During the four-hour flight on America West I mapped out my strategy. I would tell my chosen donor that I was a gay woman that had never had sex with a man and I wanted to give it a try. No that was like a Bush type plan. Another strategy was to just let myself to be picked up and invited up to a man’s room. In the end I concluded I would just play it by ear.
Friday Night.
I checked into the Stardust hotel at 7pm and went up to my room. I figured, I would make myself look man—attractive I wanted to be "fuckable" so to speak. So soon after checking out the hotel off I went shopping for the every day party cheap wardrobe. I ended up investing in two-inch pumps and a short tight jeans skirt. It was a simple look that I hoped would work do the job. I had packed two blouses before the trip that would reveal some cleavage so I thought the entire ensemble might do the job. I painted my face with rouge, applied lipstick after neatly doing my hair.

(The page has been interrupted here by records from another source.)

lemma depends_on_window_prod_emb:
  assumes "finite J"
  shows "\<exists>k. depends_on_window k (\<lambda>z. z \<in> prod_emb UNIV (\<lambda>_. count_space UNIV) J X)"
proof
  define k where "k = Max (insert 0 ((\<lambda>j. nat \<bar>j\<bar>) ` J))"
  have bound: "\<bar>j\<bar> \<le> int k" if "j \<in> J" for j
  proof -
    have "nat \<bar>j\<bar> \<le> k"
      unfolding k_def using assms that by (intro Max_ge) auto
    then show ?thesis
      by (simp add: nat_le_iff)
  qed
  show "depends_on_window k (\<lambda>z. z \<in> prod_emb UNIV (\<lambda>_. count_space UNIV) J X)"
    unfolding depends_on_window_def
  proof (intro allI impI)
    fix x y :: "int \<Rightarrow> 'a" assume "\<forall>j. \<bar>j\<bar> \<le> int k \<longrightarrow> x j = y j"
    then have "restrict x J = restrict y J"
      using bound by (auto simp: restrict_def)
    then show "(x \<in> prod_emb UNIV (\<lambda>_. count_space UNIV) J X) = (y \<in> prod_emb UNIV (\<lambda>_. count_space UNIV) J X)"
      unfolding prod_emb_iff by simp
  qed
qed

lemma depends_on_window_Eps:
  fixes C :: "'p \<Rightarrow> (int \<Rightarrow> 'a) set"
  assumes "\<And>p. p \<in> P \<Longrightarrow> depends_on_window k (\<lambda>z. z \<in> C p)"
  shows "depends_on_window k (\<lambda>z. SOME p. p \<in> P \<and> z \<in> C p)"
  unfolding depends_on_window_def
proof (intro allI impI)
  fix x y :: "int \<Rightarrow> 'a" assume "\<forall>j. \<bar>j\<bar> \<le> int k \<longrightarrow> x j = y j"
  then have "(\<lambda>p. p \<in> P \<and> x \<in> C p) = (\<lambda>p. p \<in> P \<and> y \<in> C p)"
    using assms unfolding depends_on_window_def by blast
  then show "(SOME p. p \<in> P \<and> x \<in> C p) = (SOME p. p \<in> P \<and> y \<in> C p)"
    by simp
qed

definition walled :: "((int \<Rightarrow> 'a) \<Rightarrow> (int \<Rightarrow> 'a)) \<Rightarrow> nat \<Rightarrow> (int \<Rightarrow> 'a) \<Rightarrow> nat \<Rightarrow> nat \<Rightarrow> (int \<Rightarrow> 'a) set" where
  "walled F r x0 k m = {z. \<exists>a\<in>{k..m}. \<exists>b\<in>{k..m}. z \<in> wall F r x0 (- int a) \<and> z \<in> wall F r x0 (int b)}"

section \<open>Measures on the full shift\<close>

locale ca_measure =
  fixes F :: "(int \<Rightarrow> 'a::finite) \<Rightarrow> (int \<Rightarrow> 'a)" and r :: nat and \<mu> :: "(int \<Rightarrow> 'a) measure"
  assumes ca: "cellular_automaton F r"
    and prob: "prob_space \<mu>"
    and sets_eq: "sets \<mu> = sets full_shift_space"
    and erg: "ergodic \<mu> shift"
    and inv: "invariant_measure \<mu> F"
begin

sublocale prob_space \<mu>
  by (rule prob)

lemma space_eq [simp]: "space \<mu> = UNIV"
proof -
  have "space full_shift_space = UNIV"
    unfolding full_shift_space_def space_PiM by (auto simp: PiE_def extensional_def)
  then show ?thesis
    using sets_eq_imp_space_eq[OF sets_eq] by simp
qed

lemma UNIV_Diff_sets [intro]:
  assumes "C \<in> sets \<mu>"
  shows "UNIV - C \<in> sets \<mu>"
proof -
  have "space \<mu> - C \<in> sets \<mu>"
    using assms by (rule sets.compl_sets)
  then show ?thesis
    by simp
qed

lemma sets_eq_sigma: "sets \<mu> = sigma_sets UNIV (prod_algebra UNIV (\<lambda>_::int. count_space (UNIV :: 'a set)))"
  using sets_eq space_eq unfolding full_shift_space_def
  by (simp add: sets_PiM space_PiM PiE_UNIV_domain)

lemma measurable_eq: "\<mu> \<rightarrow>\<^sub>M \<mu> = full_shift_space \<rightarrow>\<^sub>M full_shift_space"
  by (rule measurable_cong_sets[OF sets_eq sets_eq])

lemma measurable_F: "F \<in> \<mu> \<rightarrow>\<^sub>M \<mu>"
  using inv by (simp add: invariant_measure_def)

lemma measurable_shift_by: "shift_by a \<in> \<mu> \<rightarrow>\<^sub>M \<mu>"
proof -
  have "(\<lambda>z i. z (i + a)) \<in> full_shift_space \<rightarrow>\<^sub>M full_shift_space"
    unfolding full_shift_space_def
    by (rule measurable_PiM_single') (auto simp: space_PiM PiE_def extensional_def)
  then show ?thesis
    unfolding measurable_eq shift_by_def .
qed

lemma ergodic_shift_by_minus_one: "ergodic \<mu> (shift_by (-1))"
  using erg measurable_shift_by by (rule ergodic_left_inverse) (simp add: shift_by_minus_one_shift)

lemma funpow_coordinate_sets: "{z. (F ^^ i) z j = c} \<in> sets \<mu>"
proof -
  have "(\<lambda>z. z j) \<in> full_shift_space \<rightarrow>\<^sub>M count_space UNIV"
    unfolding full_shift_space_def by (rule measurable_component_singleton) simp
  then have "(\<lambda>z. z j) \<in> \<mu> \<rightarrow>\<^sub>M count_space UNIV"
    using measurable_cong_sets[OF sets_eq refl] by blast
  from measurable_sets[OF measurable_comp[OF measurable_funpow[OF measurable_F] this], of "{c}"]
  show ?thesis
    by (simp add: vimage_def)
qed

lemma wall_sets: "wall F r x0 a \<in> sets \<mu>"
proof -
  have "wall F r x0 a = (\<Inter>i. \<Inter>j\<in>{j. \<bar>j\<bar> \<le> int r}. {z. (F ^^ i) z (a + j) = (F ^^ i) x0 j})"
    unfolding wall_def by auto
  also have "\<dots> \<in> sets \<mu>"
  proof (intro sets.countable_INT image_subsetI)
    show "{j::int. \<bar>j\<bar> \<le> int r} \<noteq> {}"
      by (metis abs_zero mem_Collect_eq of_nat_0_le_iff empty_iff)
  qed (auto intro: funpow_coordinate_sets)
  finally show ?thesis .
qed

lemma walled_sets: "walled F r x0 k m \<in> sets \<mu>"
proof -
  have "walled F r x0 k m = (\<Union>a\<in>{k..m}. \<Union>b\<in>{k..m}. wall F r x0 (- int a) \<inter> wall F r x0 (int b))"
    unfolding walled_def by auto
  then show ?thesis
    using wall_sets by simp
qed

lemma algebra_window_sets: "algebra UNIV {C \<in> sets \<mu>. \<exists>k. depends_on_window k (\<lambda>z. z \<in> C)}"
  unfolding algebra_iff_Un
proof (intro conjI ballI)
  show "{} \<in> {C \<in> sets \<mu>. \<exists>k. depends_on_window k (\<lambda>z. z \<in> C)}"
    by (auto simp: depends_on_window_def)
next
  fix C assume "C \<in> {C \<in> sets \<mu>. \<exists>k. depends_on_window k (\<lambda>z. z \<in> C)}"
  then show "UNIV - C \<in> {C \<in> sets \<mu>. \<exists>k. depends_on_window k (\<lambda>z. z \<in> C)}"
    unfolding depends_on_window_def by auto
next
  fix C C' assume "C \<in> {C \<in> sets \<mu>. \<exists>k. depends_on_window k (\<lambda>z. z \<in> C)}"
    "C' \<in> {C \<in> sets \<mu>. \<exists>k. depends_on_window k (\<lambda>z. z \<in> C)}"
  then obtain k k' where "depends_on_window k (\<lambda>z. z \<in> C)" "depends_on_window k' (\<lambda>z. z \<in> C')"
    "C \<in> sets \<mu>" "C' \<in> sets \<mu>"
    by auto
  then have "depends_on_window (max k k') (\<lambda>z. z \<in> C)" "depends_on_window (max k k') (\<lambda>z. z \<in> C')"
    by (auto intro: depends_on_window_mono)
  then show "C \<union> C' \<in> {C \<in> sets \<mu>. \<exists>k. depends_on_window k (\<lambda>z. z \<in> C)}"
    using \<open>C \<in> sets \<mu>\<close> \<open>C' \<in> sets \<mu>\<close> unfolding depends_on_window_def by blast
qed auto

lemma approx_by_window_set:
  assumes "S \<in> sets \<mu>" "e > 0"
  shows "\<exists>k C. C \<in> sets \<mu> \<and> depends_on_window k (\<lambda>z. z \<in> C) \<and> measure \<mu> (S - C) + measure \<mu> (C - S) < e"
proof -
  define A where "A = {C \<in> sets \<mu>. \<exists>k. depends_on_window k (\<lambda>z. z \<in> C)}"
  define G where "G = prod_algebra UNIV (\<lambda>_::int. count_space (UNIV :: 'a set))"
  have "G \<subseteq> A"
  proof
    fix X assume "X \<in> G"
    then obtain J E where "X = prod_emb UNIV (\<lambda>_. count_space UNIV) J (\<Pi>\<^sub>E j\<in>J. E j)" "finite J"
      unfolding G_def by (elim prod_algebraE)
    moreover have "X \<in> sets \<mu>"
      using \<open>X \<in> G\<close> sets_eq_sigma by (auto simp: G_def)
    ultimately show "X \<in> A"
      using depends_on_window_prod_emb by (auto simp: A_def)
  qed
  moreover have "A \<subseteq> sets \<mu>"
    by (auto simp: A_def)
  ultimately have "approximable A S"
    using assms(1) algebra_window_sets sets_eq_sigma
    by (intro approximable_sigma_sets) (simp_all add: A_def G_def)
  then obtain C where "C \<in> A" "measure \<mu> (S - C) + measure \<mu> (C - S) < e"
    using assms(2) unfolding approximable_def by blast
  then show ?thesis
    by (auto simp: A_def)
qed

lemma partition_local_approx:
  assumes P: "finite_meas_partition \<mu> P" and \<delta>: "\<delta> > 0"
  obtains D k \<psi> where "D \<in> sets \<mu>" "measure \<mu> D \<le> \<delta>"
    "depends_on_window k \<psi>"
    "\<And>z. z \<notin> D \<Longrightarrow> cell P z = \<psi> z"
proof -
  have fin: "finite P" and P_sets: "P \<subseteq> sets \<mu>"
    using P by (auto simp: finite_meas_partition_def)
  have "card P > 0"
    using card_partition_pos[OF P] by simp
  then have "\<forall>p\<in>P. \<exists>k C. C \<in> sets \<mu> \<and> depends_on_window k (\<lambda>z. z \<in> C) \<and> measure \<mu> (p - C) + measure \<mu> (C - p) < \<delta> / card P"
    using P_sets \<delta> by (intro ballI approx_by_window_set) auto
  then obtain kp C where C: "\<And>p. p \<in> P \<Longrightarrow> C p \<in> sets \<mu> \<and> depends_on_window (kp p) (\<lambda>z. z \<in> C p) \<and>
      measure \<mu> (p - C p) + measure \<mu> (C p - p) < \<delta> / card P"
    by metis
  define k where "k = Max (kp ` P)"
  define D where "D = (\<Union>p\<in>P. (p - C p) \<union> (C p - p))"
  define \<psi> where "\<psi> z = (SOME p. p \<in> P \<and> z \<in> C p)" for z
  have C_window: "depends_on_window k (\<lambda>z. z \<in> C p)" if "p \<in> P" for p
    using C[OF that] fin that by (auto simp: k_def intro: depends_on_window_mono)
  show ?thesis
  proof
    show "D \<in> sets \<mu>"
      unfolding D_def using C P_sets fin by (intro sets.finite_UN) auto
    have "measure \<mu> (p - C p) + measure \<mu> (C p - p) \<le> \<delta> / card P" if "p \<in> P" for p
      using C[OF that] by simp
    then have "measure \<mu> D \<le> card P * (\<delta> / card P)"
      unfolding D_def using C P_sets fin by (intro measure_UN_sym_diff_le) auto
    then show "measure \<mu> D \<le> \<delta>"
      using \<open>card P > 0\<close> by simp
    show "depends_on_window k \<psi>"
      unfolding \<psi>_def[abs_def] using C_window by (rule depends_on_window_Eps)
  next
    fix z assume "z \<notin> D"
    then have "\<forall>p\<in>P. z \<in> p \<longleftrightarrow> z \<in> C p"
      unfolding D_def by blast
    then show "cell P z = \<psi> z"
      unfolding \<psi>_def by (intro cell_eq_Eps[OF P]) auto
  qed
qed

lemma measure_walled:
  assumes "measure \<mu> (wall F r x0 0) > 0" "\<delta> > 0"
  obtains m where "measure \<mu> (UNIV - walled F r x0 k m) \<le> \<delta>"
proof -
  have right: "(shift ^^ t) -` wall F r x0 0 = wall F r x0 (int t)" for t
    using mem_wall_iff_shift_by[OF ca] by (auto simp: funpow_shift)
  have left: "(shift_by (-1) ^^ t) -` wall F r x0 0 = wall F r x0 (- int t)" for t
    using mem_wall_iff_shift_by[OF ca] by (auto simp: funpow_shift_by)
  obtain N1 where N1: "1 - \<delta> / 2 < measure \<mu> (\<Union>t\<in>{k..N1}. wall F r x0 (int t))"
    using ergodic_recurrence_before[OF erg wall_sets assms(1), of "\<delta> / 2" k] assms(2)
    by (auto simp: right)
  obtain N2 where N2: "1 - \<delta> / 2 < measure \<mu> (\<Union>t\<in>{k..N2}. wall F r x0 (- int t))"
    using ergodic_recurrence_before[OF ergodic_shift_by_minus_one wall_sets assms(1), of "\<delta> / 2" k] assms(2)
    by (auto simp: left)
  define R where "R = (\<Union>t\<in>{k..N1}. wall F r x0 (int t))"
  define L where "L = (\<Union>t\<in>{k..N2}. wall F r x0 (- int t))"
  have R: "R \<in> sets \<mu>" and L: "L \<in> sets \<mu>"
    using wall_sets by (auto simp: R_def L_def)
  have "L \<inter> R \<subseteq> walled F r x0 k (max N1 N2)"
    unfolding walled_def L_def R_def by force
  then have "measure \<mu> (UNIV - walled F r x0 k (max N1 N2)) \<le> measure \<mu> ((UNIV - L) \<union> (UNIV - R))"
    using L R walled_sets by (intro finite_measure_mono) auto
  also have "\<dots> \<le> measure \<mu> (UNIV - L) + measure \<mu> (UNIV - R)"
    using L R by (intro measure_Un_le) auto
  also have "\<dots> \<le> \<delta>"
    using prob_compl[OF L] prob_compl[OF R] N1 N2 by (simp add: R_def L_def)
  finally show ?thesis
    by (rule that)
qed

lemma simple_function_coordinate: "simple_function \<mu> (\<lambda>z. z j)"
  unfolding simple_function_def using funpow_coordinate_sets[of 0] by (simp add: vimage_def)

end

section \<open>Coding itineraries between walls\<close>

text \<open>The code of \<open>z\<close> records which positions in \<open>[-m, m]\<close> carry walls and the content of
  \<open>z\<close> on \<open>[-m - r, m + r]\<close> (finitely many possibilities), together with the times \<open>i < n\<close>
  at which the cell of \<open>F\<^sup>i z\<close> may not be determined by these data.\<close>

locale itinerary_code = ca_measure F r \<mu>
  for F :: "(int \<Rightarrow> 'a::finite) \<Rightarrow> (int \<Rightarrow> 'a)" and r \<mu> +
  fixes P :: "(int \<Rightarrow> 'a) set set" and \<delta> :: real and D :: "(int \<Rightarrow> 'a) set"
    and \<psi> :: "(int \<Rightarrow> 'a) \<Rightarrow> (int \<Rightarrow> 'a) set" and k :: nat and x0 :: "int \<Rightarrow> 'a" and m :: nat
  assumes partition: "finite_meas_partition \<mu> P"
    and D_sets: "D \<in> sets \<mu>" and D_measure: "measure \<mu> D \<le> \<delta>"
    and \<psi>_local: "depends_on_window k \<psi>"
    and cell_eq_\<psi>: "\<And>z. z \<notin> D \<Longrightarrow> cell P z = \<psi> z"
    and walled_measure: "measure \<mu> (UNIV - walled F r x0 k m) \<le> \<delta>"
begin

At 10:30 all dressed up I headed down to the bar. I didn’t take long before I was approached. This guy wouldn’t do, not father my child. And as the night progressed I was offered drinks time and time again but none of these guys were the right choice. i just didn’t feel right. I gave up at 1:00am without having met the father of my child. Tomorrow would be a new day.
Saturday.
I went through the same prepare myself routine late in the afternoon. Today my thoughts repeated endlessly in my mind; I was a slut looking to get laid. The difference today was I chose to go to a club, perhaps this would be a better atmosphere with some strong men. Who knows, maybe getting away from the gambling tables was what I just needed to do.